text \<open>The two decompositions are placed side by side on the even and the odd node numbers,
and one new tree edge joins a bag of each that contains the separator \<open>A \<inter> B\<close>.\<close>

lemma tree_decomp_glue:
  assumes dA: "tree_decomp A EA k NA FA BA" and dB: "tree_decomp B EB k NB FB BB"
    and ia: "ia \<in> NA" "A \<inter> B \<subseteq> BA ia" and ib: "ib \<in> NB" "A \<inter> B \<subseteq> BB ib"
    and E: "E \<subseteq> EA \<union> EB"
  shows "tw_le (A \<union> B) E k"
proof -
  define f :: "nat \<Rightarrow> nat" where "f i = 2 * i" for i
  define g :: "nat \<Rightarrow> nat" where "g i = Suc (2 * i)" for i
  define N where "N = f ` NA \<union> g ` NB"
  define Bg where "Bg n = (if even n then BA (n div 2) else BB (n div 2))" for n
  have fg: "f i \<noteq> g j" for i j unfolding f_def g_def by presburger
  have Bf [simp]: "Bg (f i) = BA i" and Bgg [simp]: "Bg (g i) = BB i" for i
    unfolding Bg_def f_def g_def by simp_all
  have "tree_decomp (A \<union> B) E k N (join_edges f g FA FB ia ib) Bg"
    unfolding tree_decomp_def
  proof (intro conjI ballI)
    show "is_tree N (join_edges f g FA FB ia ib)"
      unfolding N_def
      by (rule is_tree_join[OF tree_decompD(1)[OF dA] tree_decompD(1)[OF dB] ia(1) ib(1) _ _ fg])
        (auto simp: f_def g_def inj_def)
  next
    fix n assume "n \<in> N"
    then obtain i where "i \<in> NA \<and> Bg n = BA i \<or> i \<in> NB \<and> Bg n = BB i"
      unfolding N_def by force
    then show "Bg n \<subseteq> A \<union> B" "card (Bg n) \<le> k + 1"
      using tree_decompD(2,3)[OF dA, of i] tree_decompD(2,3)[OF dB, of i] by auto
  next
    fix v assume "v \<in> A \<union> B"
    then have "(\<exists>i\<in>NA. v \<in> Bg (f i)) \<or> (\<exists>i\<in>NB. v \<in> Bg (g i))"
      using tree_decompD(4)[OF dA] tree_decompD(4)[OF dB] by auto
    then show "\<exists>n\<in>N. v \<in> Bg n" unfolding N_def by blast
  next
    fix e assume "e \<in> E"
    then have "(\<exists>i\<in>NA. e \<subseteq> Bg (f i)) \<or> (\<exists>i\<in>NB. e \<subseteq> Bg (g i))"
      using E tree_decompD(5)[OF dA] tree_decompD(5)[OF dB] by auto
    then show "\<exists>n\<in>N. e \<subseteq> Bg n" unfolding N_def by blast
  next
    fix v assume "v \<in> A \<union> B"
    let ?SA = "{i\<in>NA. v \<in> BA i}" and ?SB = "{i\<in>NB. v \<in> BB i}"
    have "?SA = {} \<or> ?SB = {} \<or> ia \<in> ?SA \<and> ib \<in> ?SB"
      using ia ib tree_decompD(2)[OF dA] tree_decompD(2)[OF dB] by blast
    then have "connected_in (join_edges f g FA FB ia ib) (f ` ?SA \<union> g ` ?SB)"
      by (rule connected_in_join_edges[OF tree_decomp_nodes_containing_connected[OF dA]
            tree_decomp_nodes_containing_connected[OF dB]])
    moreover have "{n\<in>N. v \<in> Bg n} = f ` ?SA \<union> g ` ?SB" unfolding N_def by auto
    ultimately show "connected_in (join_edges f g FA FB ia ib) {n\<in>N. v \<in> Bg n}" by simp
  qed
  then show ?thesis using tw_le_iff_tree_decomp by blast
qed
________________
### [WHAT IS BEING ASKED]
Going through the listing above, copy out every line that has the string "then".

### [TASK ANSWER]
  define Bg where "Bg n = (if even n then BA (n div 2) else BB (n div 2))" for n
    then obtain i where "i \<in> NA \<and> Bg n = BA i \<or> i \<in> NB \<and> Bg n = BB i"
    then show "Bg n \<subseteq> A \<union> B" "card (Bg n) \<le> k + 1"
    then have "(\<exists>i\<in>NA. v \<in> Bg (f i)) \<or> (\<exists>i\<in>NB. v \<in> Bg (g i))"
    then show "\<exists>n\<in>N. v \<in> Bg n" unfolding N_def by blast
    then have "(\<exists>i\<in>NA. e \<subseteq> Bg (f i)) \<or> (\<exists>i\<in>NB. e \<subseteq> Bg (g i))"
    then show "\<exists>n\<in>N. e \<subseteq> Bg n" unfolding N_def by blast
    then have "connected_in (join_edges f g FA FB ia ib) (f ` ?SA \<union> g ` ?SB)"
  then show ?thesis using tw_le_iff_tree_decomp by blast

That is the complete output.